Dear all,
I set up a minimal 1-node Ceph cluster to evaluate its performance.
We tried to save as much as possible on the hardware, so now the box has
Asus P10S-M WS motherboard, Xeon E3-1235L v5 CPU, 64 GB DDR4 ECC RAM and
8x3TB HDDs (WD30EFRX) connected to on-board SATA ports. Also we are
trying to save on storage redundancy, so for most of our RBD images we
use erasure-coded data-pool (default profile, jerasure 2+1) instead of
3x replication. I started with Luminous/Xenial 12.2.5 setup which
initialized my OSDs as Bluestore during deploy, then updated it to
Mimic/Bionic 13.2.0. Base OS is Ubuntu 18.04 with kernel updated to
4.17.2 from Ubuntu mainline PPA.
With this setup, I created a number of RBD images to test iSCSI,
rbd-nbd and QEMU+librbd performance (running QEMU VMs on the same box).
And that worked moderately well as far as data volume transferred within
one session was limited. The fastest transfers I had with 'rbd import'
which pulled an ISO image file at up to 25 MBytes/sec from the remote
CIFS share over Gigabit Ethernet and stored it into EC data-pool.
Windows 2008 R2 & 2016 setup, update installation, Win 2008 upgrade to
2012 and to 2016 within QEMU VM also went through tolerably well.

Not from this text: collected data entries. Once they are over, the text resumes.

lemma is_quantile_fun_quantile:
  assumes F: "is_cdf F"
  shows "is_quantile_fun (quantile F)"
  unfolding is_quantile_fun_def
proof (intro conjI ballI mono_onI)
  fix p p' :: real assume p: "p \<in> {0<..<1}" "p' \<in> {0<..<1}" "p \<le> p'"
  have "p' \<le> F (quantile F p')" using quantile_le_iff[OF F, of p' "quantile F p'"] p by simp
  then show "quantile F p \<le> quantile F p'" using quantile_le_iff[OF F, of p] p by simp
next
  fix p :: real assume p: "p \<in> {0<..<1}"
  show "(quantile F \<longlongrightarrow> quantile F p) (at_left p)"
  proof (rule order_tendstoI)
    fix y assume "y < quantile F p"
    then have "F y < p" using quantile_le_iff[OF F, of p y] p by auto
    then have "eventually (\<lambda>u. u \<in> {max (F y) 0<..<p}) (at_left p)"
      using p by (intro eventually_at_left_real) auto
    then show "eventually (\<lambda>u. y < quantile F u) (at_left p)"
    proof eventually_elim
      case (elim u)
      then show ?case using quantile_le_iff[OF F, of u y] p by auto
    qed
  next
    fix y assume y: "quantile F p < y"
    have "eventually (\<lambda>u. u \<in> {0<..<p}) (at_left p)"
      using p by (intro eventually_at_left_real) auto
    then show "eventually (\<lambda>u. quantile F u < y) (at_left p)"
    proof eventually_elim
      case (elim u)
      then have "p \<le> F (quantile F p)" using quantile_le_iff[OF F, of p "quantile F p"] p by simp
      then have "quantile F u \<le> quantile F p" using quantile_le_iff[OF F, of u] elim p by simp
      then show ?case using y by simp
    qed
  qed
qed

lemma is_quantile_fun_sum:
  assumes "\<And>j. 0 \<le> w j" "\<And>j. is_quantile_fun (Q j)"
  shows "is_quantile_fun (\<lambda>p. \<Sum>j\<in>A. w j * Q j p)"
  using assms unfolding is_quantile_fun_def
  by (auto intro!: mono_onI sum_mono mult_left_mono tendsto_sum tendsto_mult_left dest: mono_onD)
lemma isolated_triangle_nonpos_eigenvalues:
  assumes sg: "simple_graph m E" and lt: "a < m" "b < m" "c < m" "d < m"
    and dist: "a \<noteq> b" "a \<noteq> c" "a \<noteq> d" "b \<noteq> c" "b \<noteq> d" "c \<noteq> d"
    and edges: "E a b" "E a c" "E b c" "\<not> E a d" "\<not> E b d" "\<not> E c d"
  shows "3 \<le> num_nonpos_eigenvalues (adj_matrix m E)"
proof (rule graph_nonpos_test_space[OF sg, of "\<lambda>k. of_bool (k = a) - of_bool (k = c)"
      "\<lambda>k. of_bool (k = b) - of_bool (k = c)" "\<lambda>k. of_bool (k = d)"])
  fix c1 c2 c3 :: real
  assume h: "\<forall>k<m. c1 * (of_bool (k = a) - of_bool (k = c)) + c2 * (of_bool (k = b) - of_bool (k = c))
      + c3 * of_bool (k = d) = 0"
  show "c1 = 0 \<and> c2 = 0 \<and> c3 = 0"
    using h[rule_format, OF lt(1)] h[rule_format, OF lt(2)] h[rule_format, OF lt(4)] dist by auto
next
  fix c1 c2 c3 :: real
  let ?g = "\<lambda>k. c1 * (of_bool (k = a) - of_bool (k = c)) + c2 * (of_bool (k = b) - of_bool (k = c))
      + c3 * of_bool (k = d)"
  have "?g a = c1" "?g b = c2" "?g c = - (c1 + c2)" "?g d = c3"
    using dist by auto
  then have "(\<Sum>i<m. \<Sum>j<m. of_bool (E i j) * ?g i * ?g j) = - (c1\<^sup>2 + c2\<^sup>2 + (c1 + c2)\<^sup>2)"
    using quadratic_form_four_vertices[OF sg lt dist, of ?g] edges
    by (simp add: power2_eq_square algebra_simps)
  also have "\<dots> \<le> 0"
    using zero_le_power2[of c1] zero_le_power2[of c2] zero_le_power2[of "c1 + c2"] by linarith
  finally show "(\<Sum>i<m. \<Sum>j<m. of_bool (E i j) * ?g i * ?g j) \<le> 0" .
qed

text \<open>A (not necessarily induced) four-cycle a b c d: the test space consists of the vertex
  functions supported on the cycle with total sum zero.\<close>
lemma four_cycle_nonpos_eigenvalues:
  assumes sg: "simple_graph m E" and lt: "a < m" "b < m" "c < m" "d < m"
    and dist: "a \<noteq> b" "a \<noteq> c" "a \<noteq> d" "b \<noteq> c" "b \<noteq> d" "c \<noteq> d"
    and edges: "E a b" "E b c" "E c d" "E d a"
  shows "3 \<le> num_nonpos_eigenvalues (adj_matrix m E)"
proof (rule graph_nonpos_test_space[OF sg, of "\<lambda>k. of_bool (k = a) - of_bool (k = d)"
      "\<lambda>k. of_bool (k = b) - of_bool (k = d)" "\<lambda>k. of_bool (k = c) - of_bool (k = d)"])
  fix c1 c2 c3 :: real
  assume h: "\<forall>k<m. c1 * (of_bool (k = a) - of_bool (k = d)) + c2 * (of_bool (k = b) - of_bool (k = d))
      + c3 * (of_bool (k = c) - of_bool (k = d)) = 0"
  show "c1 = 0 \<and> c2 = 0 \<and> c3 = 0"
    using h[rule_format, OF lt(1)] h[rule_format, OF lt(2)] h[rule_format, OF lt(3)] dist by auto
next
  fix c1 c2 c3 :: real
  let ?g = "\<lambda>k. c1 * (of_bool (k = a) - of_bool (k = d)) + c2 * (of_bool (k = b) - of_bool (k = d))
      + c3 * (of_bool (k = c) - of_bool (k = d))"
  define x :: real where "x = of_bool (E a c)"
  define y :: real where "y = of_bool (E b d)"
  have "?g a = c1" "?g b = c2" "?g c = c3" "?g d = - (c1 + c2 + c3)"
    using dist by auto
  then have "(\<Sum>i<m. \<Sum>j<m. of_bool (E i j) * ?g i * ?g j)
      = (- (c1 + c3)\<^sup>2 + 2 * x * c1 * c3) + (- (c1 + c3)\<^sup>2 - 2 * y * c2 * (c1 + c2 + c3))"
    using quadratic_form_four_vertices[OF sg lt dist, of ?g] edges sg lt
    by (simp add: x_def y_def simple_graph_def power2_eq_square algebra_simps)
  also have "\<dots> \<le> 0"
  proof -
    have "- (c1 + c3)\<^sup>2 + 2 * x * c1 * c3 \<le> 0"
    proof (cases "E a c")
      case True
      have "- (c1 + c3)\<^sup>2 + 2 * c1 * c3 = - (c1\<^sup>2 + c3\<^sup>2)" by (simp add: power2_eq_square algebra_simps)
      then show ?thesis using True by (simp add: x_def)
    qed (simp add: x_def)
    moreover have "- (c1 + c3)\<^sup>2 - 2 * y * c2 * (c1 + c2 + c3) \<le> 0"
    proof (cases "E b d")
      case True
      have "- (c1 + c3)\<^sup>2 - 2 * c2 * (c1 + c2 + c3) = - (c2\<^sup>2 + (c1 + c2 + c3)\<^sup>2)"
        by (simp add: power2_eq_square algebra_simps)
      then show ?thesis using True by (simp add: y_def)
    qed (simp add: y_def)
    ultimately show ?thesis by linarith
  qed
  finally show "(\<Sum>i<m. \<Sum>j<m. of_bool (E i j) * ?g i * ?g j) \<le> 0" .
qed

I
found that cache=writeback gives the best performance with librbd,
unlike cache=unsafe which gave the best performance with VMs on plain
local SATA drives. Also I have a subjective feeling (not confirmed by
exact measurements) that providing a huge&delayed libRBD cache (like,
cache size = 1GB, max dirty = 7/8GB, max dirty age = 60) improved
Windows VM performance on bursty writes (like, during Windows update
installations) as well as on reboots (due to cached reads).
Now, what discouraged me, was my next attempt to clone an NTFS
partition of ~2TB from a physical drive (via USB3-SATA3 convertor) to a
partition on an RBD image. I tried to map RBD image with rbd-nbd either
locally or remotely over Gigabit Ethernet, and the fastest speed I got
with ntfsclone was about 8 MBytes/sec. Which means that it could spend
up to 3 days copying these ~2TB of NTFS data. I thought about running
ntfsclone /dev/sdX1 -o - | rbd import ... - , but ntfsclone needs to
rewrite a part of existing RBD image starting from certain offset, so I
decided this was not a solution in my situation. Now I am thinking about
taking out one of OSDs and using it as a 'bcache' for this operation,
but I am not sure how good is bcache performance with cache on rotating
HDD. I know that keeping OSD logs and RocksDB on the same HDD creates a
seeky workload which hurts overall transfer performance.
Also I am thinking about a number of next-close possibilities, and
I would like to hear your opinions on the benefits and drawbacks of each
of them.
1. Would iSCSI access to that RBD image improve my performance
(compared to rbd-nbd) ? I did not check that yet, but I noticed that
Windows transferred about 2.5 MBytes/sec while formatting NTFS volume on
this RBD attached to it by iSCSI. So, for seeky/sparse workloads like
NTFS formatting the performance was not great.
2. Would it help to run ntfsclone in Linux VM, with RBD image
accessed through QEMU+librbd ? (also going to measure that myself)
3. Is there any performance benefits in using Ceph cache-tier pools
with my setup ? I hear now use of this technique is advised against, no?
4. We have an unused older box (Supermicro X8SIL-F mobo, Xeon X3430
CPU, 32 GB of DDR3 ECC RAM, 6 onboard SATA ports, used from 2010 to
2017, in perfectly working condition) which can be stuffed with up to 6
SATA HDDs and added to this Ceph cluster, so far with only Gigabit
network interconnect. Like, move 4 OSDs out of first box into it, to
have 2 boxes with 4 HDDs each. Is this going to improve Ceph performance
with the setup described above ?
5. I hear that RAID controllers like Adaptec 5805, LSI 2108 provide
better performance with SATA HDDs exported as JBODs than onboard SATA
AHCI controllers due to more aggressive caching and reordering requests.
Is this true ?
6. On the local market we can buy Kingston KC1000/960GB NVMe drive
for moderately reasonable price. Its specification has rewrite limit of
1 PB and 0.58 DWPD (drive rewrite per day). Is there any
counterindications against using it in production Ceph setup (i.e., too
low rewrite limit, look for 8+PB) ? What is the difference between using
it as a 'bcache' os as specifically-designed OSD log+rocksdb storage ?
Can it be used as a single shared partition for all OSD daemons, or will
it require spitting into 8 separate partitions ?
Thank you in advance for your replies.